*** ENTRIES SUPPLIED ***
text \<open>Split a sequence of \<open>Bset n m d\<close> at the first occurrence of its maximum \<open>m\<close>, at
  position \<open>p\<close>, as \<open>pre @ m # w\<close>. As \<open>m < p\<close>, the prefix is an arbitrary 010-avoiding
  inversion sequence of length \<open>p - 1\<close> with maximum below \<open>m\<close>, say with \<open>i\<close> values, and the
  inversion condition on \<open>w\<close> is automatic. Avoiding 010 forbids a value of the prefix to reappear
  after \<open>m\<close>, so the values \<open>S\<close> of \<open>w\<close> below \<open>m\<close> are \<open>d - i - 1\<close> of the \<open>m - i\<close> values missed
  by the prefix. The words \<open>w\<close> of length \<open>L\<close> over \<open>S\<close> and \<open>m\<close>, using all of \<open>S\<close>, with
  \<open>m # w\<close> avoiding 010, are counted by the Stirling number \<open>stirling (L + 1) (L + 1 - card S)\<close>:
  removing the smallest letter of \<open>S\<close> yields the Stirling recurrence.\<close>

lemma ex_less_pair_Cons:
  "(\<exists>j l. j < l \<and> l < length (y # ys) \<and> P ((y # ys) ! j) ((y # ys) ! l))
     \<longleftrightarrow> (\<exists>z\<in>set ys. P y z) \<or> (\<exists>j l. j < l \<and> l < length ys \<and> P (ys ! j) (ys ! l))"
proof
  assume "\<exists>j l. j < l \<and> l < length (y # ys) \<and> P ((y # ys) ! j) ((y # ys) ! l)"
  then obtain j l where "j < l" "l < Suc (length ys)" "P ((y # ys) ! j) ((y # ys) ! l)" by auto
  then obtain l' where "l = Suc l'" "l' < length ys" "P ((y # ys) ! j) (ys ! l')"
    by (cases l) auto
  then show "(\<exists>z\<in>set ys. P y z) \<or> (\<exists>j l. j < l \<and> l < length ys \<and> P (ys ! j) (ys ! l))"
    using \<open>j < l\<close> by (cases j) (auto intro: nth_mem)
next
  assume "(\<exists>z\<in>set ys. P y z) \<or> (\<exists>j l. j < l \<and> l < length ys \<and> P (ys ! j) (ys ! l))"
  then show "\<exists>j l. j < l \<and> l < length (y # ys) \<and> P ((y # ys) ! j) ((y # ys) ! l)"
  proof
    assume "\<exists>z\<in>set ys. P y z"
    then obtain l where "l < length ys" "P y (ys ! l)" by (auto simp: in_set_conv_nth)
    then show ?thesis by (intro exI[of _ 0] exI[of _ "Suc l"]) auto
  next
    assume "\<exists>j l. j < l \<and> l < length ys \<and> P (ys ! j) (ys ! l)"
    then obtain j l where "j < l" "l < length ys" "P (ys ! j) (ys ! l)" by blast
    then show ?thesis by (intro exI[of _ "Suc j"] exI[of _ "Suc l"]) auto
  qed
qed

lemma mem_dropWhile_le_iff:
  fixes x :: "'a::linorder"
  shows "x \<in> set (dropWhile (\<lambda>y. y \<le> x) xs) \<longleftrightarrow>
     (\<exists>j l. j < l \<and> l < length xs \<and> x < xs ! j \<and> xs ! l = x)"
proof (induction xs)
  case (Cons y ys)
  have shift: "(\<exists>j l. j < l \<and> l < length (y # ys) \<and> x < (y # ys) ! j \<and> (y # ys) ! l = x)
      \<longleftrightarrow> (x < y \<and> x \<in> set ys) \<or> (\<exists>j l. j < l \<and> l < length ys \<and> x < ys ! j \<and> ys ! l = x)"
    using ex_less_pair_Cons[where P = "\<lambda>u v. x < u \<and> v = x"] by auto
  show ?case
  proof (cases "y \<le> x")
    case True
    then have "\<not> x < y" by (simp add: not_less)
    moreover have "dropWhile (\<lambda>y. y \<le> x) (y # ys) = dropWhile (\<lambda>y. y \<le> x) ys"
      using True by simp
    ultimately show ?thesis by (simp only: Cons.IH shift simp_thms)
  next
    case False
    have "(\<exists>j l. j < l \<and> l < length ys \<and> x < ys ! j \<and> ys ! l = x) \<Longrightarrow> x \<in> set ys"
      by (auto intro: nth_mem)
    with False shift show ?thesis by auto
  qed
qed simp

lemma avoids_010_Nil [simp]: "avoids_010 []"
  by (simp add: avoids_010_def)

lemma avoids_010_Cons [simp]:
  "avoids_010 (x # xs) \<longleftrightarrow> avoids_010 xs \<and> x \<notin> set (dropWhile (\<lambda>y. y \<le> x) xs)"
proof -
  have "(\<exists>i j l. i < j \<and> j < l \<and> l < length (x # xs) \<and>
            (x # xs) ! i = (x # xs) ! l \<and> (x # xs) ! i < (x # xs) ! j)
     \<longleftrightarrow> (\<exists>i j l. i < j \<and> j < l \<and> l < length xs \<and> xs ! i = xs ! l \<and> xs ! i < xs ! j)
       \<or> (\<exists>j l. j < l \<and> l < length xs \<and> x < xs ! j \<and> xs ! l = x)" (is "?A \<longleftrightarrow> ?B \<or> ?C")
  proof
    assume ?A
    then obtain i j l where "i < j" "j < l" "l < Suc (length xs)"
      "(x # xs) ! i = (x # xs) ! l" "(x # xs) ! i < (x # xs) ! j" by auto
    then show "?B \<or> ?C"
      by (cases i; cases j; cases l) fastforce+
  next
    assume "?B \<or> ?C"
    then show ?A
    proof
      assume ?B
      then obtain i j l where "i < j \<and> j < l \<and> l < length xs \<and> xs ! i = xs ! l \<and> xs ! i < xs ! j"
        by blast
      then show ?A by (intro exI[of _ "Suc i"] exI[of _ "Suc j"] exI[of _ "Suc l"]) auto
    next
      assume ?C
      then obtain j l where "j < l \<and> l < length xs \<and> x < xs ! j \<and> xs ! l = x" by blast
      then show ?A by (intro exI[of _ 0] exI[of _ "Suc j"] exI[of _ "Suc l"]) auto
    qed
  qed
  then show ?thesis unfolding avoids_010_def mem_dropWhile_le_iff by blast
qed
*** End of ENTRIES SUPPLIED ***
*** ENTRIES SUPPLIED ***
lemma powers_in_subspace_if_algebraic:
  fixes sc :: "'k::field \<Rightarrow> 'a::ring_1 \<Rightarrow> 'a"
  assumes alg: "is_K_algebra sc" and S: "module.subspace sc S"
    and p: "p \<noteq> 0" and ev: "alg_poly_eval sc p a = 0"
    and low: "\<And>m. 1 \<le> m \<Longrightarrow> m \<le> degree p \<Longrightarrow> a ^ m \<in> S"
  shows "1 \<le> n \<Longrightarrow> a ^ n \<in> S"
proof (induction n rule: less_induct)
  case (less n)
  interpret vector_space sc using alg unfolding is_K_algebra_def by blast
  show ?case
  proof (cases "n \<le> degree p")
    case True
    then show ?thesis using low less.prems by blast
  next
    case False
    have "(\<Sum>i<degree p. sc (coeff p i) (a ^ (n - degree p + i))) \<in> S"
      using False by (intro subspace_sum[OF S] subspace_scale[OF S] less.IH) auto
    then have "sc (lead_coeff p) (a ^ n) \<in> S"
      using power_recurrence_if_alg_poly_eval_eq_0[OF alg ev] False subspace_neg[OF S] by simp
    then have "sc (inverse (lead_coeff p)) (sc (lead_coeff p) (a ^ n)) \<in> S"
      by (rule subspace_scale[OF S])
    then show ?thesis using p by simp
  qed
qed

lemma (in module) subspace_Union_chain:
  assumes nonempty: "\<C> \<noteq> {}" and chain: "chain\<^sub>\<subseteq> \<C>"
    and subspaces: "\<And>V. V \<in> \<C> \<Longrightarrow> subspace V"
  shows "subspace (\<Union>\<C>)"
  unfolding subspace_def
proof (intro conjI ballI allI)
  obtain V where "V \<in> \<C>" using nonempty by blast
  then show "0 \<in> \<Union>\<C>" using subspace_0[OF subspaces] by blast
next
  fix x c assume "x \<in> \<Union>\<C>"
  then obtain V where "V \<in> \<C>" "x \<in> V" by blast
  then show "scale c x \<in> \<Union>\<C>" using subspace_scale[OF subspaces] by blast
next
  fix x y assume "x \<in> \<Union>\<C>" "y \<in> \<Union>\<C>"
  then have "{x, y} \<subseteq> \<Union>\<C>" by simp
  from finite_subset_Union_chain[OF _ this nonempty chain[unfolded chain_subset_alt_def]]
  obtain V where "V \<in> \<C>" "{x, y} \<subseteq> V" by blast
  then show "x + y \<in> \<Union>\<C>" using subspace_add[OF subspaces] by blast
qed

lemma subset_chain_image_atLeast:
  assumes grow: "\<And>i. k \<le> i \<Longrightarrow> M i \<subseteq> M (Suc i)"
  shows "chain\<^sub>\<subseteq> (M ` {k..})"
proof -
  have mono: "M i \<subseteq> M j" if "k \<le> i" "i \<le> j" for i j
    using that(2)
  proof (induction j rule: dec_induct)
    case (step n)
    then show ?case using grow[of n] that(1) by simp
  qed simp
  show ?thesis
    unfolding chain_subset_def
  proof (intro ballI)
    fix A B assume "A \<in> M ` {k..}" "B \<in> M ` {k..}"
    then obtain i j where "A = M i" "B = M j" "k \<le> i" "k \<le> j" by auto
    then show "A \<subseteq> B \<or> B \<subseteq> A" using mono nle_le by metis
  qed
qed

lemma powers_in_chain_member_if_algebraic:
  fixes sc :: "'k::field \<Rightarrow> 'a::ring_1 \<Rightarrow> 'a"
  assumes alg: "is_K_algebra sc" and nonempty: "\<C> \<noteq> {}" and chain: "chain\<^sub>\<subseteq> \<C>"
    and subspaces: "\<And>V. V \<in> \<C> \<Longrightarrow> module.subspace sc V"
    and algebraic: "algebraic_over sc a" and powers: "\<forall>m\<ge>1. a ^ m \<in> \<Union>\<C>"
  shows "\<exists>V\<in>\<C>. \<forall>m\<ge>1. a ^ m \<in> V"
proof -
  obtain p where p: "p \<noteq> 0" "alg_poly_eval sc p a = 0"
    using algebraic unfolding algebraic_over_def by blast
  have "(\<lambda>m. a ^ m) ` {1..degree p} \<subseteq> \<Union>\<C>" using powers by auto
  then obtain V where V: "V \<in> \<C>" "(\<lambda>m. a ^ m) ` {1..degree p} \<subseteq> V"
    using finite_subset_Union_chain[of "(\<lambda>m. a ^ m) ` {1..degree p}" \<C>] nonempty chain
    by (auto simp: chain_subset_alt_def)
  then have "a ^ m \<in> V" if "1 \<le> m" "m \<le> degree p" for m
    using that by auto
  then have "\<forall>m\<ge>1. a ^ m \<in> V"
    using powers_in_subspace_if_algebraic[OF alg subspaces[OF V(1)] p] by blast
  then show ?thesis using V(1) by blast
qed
*** End of ENTRIES SUPPLIED ***
*** ENTRIES SUPPLIED ***
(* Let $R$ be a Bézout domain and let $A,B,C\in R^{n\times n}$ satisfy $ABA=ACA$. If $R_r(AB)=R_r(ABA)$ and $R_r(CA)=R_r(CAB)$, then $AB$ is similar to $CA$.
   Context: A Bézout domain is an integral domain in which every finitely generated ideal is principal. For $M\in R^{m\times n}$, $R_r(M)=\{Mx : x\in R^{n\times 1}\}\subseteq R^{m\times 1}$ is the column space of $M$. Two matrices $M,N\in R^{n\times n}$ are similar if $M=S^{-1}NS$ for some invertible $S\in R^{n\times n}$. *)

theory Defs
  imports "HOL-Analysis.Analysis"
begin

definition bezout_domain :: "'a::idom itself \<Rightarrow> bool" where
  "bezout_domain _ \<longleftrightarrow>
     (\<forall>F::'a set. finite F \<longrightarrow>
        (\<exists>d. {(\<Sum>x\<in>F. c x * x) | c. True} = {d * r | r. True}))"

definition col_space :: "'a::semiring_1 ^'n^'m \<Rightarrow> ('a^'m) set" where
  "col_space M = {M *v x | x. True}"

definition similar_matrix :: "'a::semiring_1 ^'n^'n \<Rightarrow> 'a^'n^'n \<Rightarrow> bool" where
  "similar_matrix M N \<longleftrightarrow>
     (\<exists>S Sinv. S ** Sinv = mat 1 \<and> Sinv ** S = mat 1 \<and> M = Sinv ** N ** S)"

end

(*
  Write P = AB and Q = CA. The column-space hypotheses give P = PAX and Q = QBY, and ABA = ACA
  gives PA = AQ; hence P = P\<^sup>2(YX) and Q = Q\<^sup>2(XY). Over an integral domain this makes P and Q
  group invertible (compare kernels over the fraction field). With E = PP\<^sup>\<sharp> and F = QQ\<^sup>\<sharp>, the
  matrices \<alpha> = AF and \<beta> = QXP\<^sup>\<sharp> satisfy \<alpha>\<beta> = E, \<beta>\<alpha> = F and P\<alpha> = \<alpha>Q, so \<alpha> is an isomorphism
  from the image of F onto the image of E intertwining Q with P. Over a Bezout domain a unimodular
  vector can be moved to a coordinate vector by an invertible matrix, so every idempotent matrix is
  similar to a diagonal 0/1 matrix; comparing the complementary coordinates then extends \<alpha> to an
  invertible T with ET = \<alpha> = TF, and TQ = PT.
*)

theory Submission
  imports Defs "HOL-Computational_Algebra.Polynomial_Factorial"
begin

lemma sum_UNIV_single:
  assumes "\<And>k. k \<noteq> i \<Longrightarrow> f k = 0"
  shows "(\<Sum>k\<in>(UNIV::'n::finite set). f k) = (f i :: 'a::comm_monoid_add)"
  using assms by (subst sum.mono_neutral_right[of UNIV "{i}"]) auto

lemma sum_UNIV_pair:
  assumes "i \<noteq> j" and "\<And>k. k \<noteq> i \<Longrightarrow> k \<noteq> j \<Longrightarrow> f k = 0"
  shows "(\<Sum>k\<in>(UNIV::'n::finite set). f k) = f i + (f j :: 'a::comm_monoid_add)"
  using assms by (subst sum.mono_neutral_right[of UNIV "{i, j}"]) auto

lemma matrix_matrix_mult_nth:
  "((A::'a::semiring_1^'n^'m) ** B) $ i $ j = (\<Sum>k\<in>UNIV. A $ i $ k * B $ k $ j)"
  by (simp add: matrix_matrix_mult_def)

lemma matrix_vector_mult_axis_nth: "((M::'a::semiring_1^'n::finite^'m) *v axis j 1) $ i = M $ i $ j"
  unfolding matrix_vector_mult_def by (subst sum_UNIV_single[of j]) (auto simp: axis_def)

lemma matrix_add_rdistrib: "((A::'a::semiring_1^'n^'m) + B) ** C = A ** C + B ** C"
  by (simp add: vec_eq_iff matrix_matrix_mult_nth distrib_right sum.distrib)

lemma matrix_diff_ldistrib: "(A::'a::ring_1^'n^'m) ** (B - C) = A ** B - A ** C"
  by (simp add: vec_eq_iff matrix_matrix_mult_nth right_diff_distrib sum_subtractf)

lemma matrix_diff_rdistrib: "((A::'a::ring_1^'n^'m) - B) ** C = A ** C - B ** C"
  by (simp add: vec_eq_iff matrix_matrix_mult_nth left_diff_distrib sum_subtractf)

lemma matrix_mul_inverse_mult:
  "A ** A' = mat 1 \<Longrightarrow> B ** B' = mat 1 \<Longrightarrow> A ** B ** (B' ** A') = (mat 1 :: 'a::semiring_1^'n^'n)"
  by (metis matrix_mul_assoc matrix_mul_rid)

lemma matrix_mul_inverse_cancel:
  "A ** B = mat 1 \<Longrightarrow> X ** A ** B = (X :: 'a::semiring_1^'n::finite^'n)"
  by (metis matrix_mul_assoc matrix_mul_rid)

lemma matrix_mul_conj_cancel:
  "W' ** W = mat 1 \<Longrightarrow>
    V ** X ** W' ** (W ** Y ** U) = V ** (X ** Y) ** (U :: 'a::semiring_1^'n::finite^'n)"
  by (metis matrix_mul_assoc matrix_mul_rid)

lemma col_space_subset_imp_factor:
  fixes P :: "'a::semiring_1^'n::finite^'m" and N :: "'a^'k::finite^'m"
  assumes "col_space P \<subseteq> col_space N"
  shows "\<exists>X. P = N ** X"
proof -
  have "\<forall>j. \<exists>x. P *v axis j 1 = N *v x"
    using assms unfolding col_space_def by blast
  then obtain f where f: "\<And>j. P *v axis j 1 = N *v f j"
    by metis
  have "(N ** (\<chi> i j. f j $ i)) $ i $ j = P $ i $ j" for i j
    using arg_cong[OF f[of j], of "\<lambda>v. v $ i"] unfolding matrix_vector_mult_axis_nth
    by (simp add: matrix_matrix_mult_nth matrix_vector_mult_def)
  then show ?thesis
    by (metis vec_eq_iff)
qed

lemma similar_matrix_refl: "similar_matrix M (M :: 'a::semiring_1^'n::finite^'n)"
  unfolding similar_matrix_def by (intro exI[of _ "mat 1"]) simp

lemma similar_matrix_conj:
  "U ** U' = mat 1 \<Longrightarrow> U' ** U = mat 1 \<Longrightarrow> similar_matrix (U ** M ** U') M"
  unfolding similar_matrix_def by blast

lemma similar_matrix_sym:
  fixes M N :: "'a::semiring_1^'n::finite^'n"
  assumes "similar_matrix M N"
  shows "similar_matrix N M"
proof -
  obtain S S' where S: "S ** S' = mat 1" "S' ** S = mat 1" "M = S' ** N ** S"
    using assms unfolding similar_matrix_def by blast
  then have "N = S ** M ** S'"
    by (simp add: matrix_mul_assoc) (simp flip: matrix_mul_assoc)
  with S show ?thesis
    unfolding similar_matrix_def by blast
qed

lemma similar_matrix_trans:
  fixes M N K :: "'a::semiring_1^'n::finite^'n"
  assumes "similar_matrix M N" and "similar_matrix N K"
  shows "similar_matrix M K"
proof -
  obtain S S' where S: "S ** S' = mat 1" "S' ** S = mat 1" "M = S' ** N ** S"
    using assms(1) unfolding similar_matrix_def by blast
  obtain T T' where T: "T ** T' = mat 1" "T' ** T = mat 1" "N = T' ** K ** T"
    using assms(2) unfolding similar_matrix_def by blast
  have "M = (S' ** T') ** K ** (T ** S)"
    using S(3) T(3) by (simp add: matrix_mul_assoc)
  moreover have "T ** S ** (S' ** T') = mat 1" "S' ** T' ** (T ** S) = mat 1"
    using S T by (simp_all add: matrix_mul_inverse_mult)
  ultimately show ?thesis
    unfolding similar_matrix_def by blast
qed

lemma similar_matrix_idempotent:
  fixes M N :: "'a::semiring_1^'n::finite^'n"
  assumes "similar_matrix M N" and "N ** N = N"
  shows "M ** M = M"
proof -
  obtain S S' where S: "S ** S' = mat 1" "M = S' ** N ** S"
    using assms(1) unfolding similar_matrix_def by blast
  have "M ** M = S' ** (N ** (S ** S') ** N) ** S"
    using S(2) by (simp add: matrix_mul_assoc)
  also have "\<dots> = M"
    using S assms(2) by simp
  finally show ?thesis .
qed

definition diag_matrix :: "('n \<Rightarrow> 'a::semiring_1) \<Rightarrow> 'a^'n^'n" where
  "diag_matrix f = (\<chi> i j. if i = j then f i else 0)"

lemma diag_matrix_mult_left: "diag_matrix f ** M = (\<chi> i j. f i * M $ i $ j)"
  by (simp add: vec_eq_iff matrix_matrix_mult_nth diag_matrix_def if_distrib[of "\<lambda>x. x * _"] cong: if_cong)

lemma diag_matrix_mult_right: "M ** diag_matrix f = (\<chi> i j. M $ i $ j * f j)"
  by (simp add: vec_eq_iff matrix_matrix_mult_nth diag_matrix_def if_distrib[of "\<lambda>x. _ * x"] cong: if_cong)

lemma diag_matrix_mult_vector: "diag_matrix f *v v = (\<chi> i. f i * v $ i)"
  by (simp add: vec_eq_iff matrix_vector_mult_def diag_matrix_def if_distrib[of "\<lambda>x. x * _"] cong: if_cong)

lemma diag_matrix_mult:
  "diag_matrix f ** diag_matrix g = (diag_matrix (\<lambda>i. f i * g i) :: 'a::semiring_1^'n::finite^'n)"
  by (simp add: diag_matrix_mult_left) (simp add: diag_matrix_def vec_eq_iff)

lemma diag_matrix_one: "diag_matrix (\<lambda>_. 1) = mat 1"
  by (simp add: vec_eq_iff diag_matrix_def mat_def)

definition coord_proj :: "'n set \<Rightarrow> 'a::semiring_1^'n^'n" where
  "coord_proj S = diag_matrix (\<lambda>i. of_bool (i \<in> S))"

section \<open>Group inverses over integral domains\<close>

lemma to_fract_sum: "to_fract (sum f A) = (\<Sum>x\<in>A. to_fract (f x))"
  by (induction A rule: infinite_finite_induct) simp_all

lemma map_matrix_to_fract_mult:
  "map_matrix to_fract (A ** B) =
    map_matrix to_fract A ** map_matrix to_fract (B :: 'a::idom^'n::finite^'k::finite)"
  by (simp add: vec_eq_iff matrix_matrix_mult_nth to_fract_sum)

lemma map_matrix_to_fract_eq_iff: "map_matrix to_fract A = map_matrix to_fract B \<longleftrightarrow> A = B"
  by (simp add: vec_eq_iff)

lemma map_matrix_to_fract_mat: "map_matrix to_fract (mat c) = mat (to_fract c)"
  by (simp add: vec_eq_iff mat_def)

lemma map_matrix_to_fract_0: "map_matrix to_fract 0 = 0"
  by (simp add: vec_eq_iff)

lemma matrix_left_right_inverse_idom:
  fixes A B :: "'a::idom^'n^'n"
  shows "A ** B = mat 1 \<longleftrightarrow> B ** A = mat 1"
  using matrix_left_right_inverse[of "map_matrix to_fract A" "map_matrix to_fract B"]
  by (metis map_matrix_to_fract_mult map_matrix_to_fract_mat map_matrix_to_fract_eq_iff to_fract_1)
*** End of ENTRIES SUPPLIED ***
_TASK PROMPT_
Read through the data above. Report each line that has the word "False".

_OUTPUT BELOW_
    case False
    with False shift show ?thesis by auto
    case False
      using False by (intro subspace_sum[OF S] subspace_scale[OF S] less.IH) auto
      using power_recurrence_if_alg_poly_eval_eq_0[OF alg ev] False subspace_neg[OF S] by simp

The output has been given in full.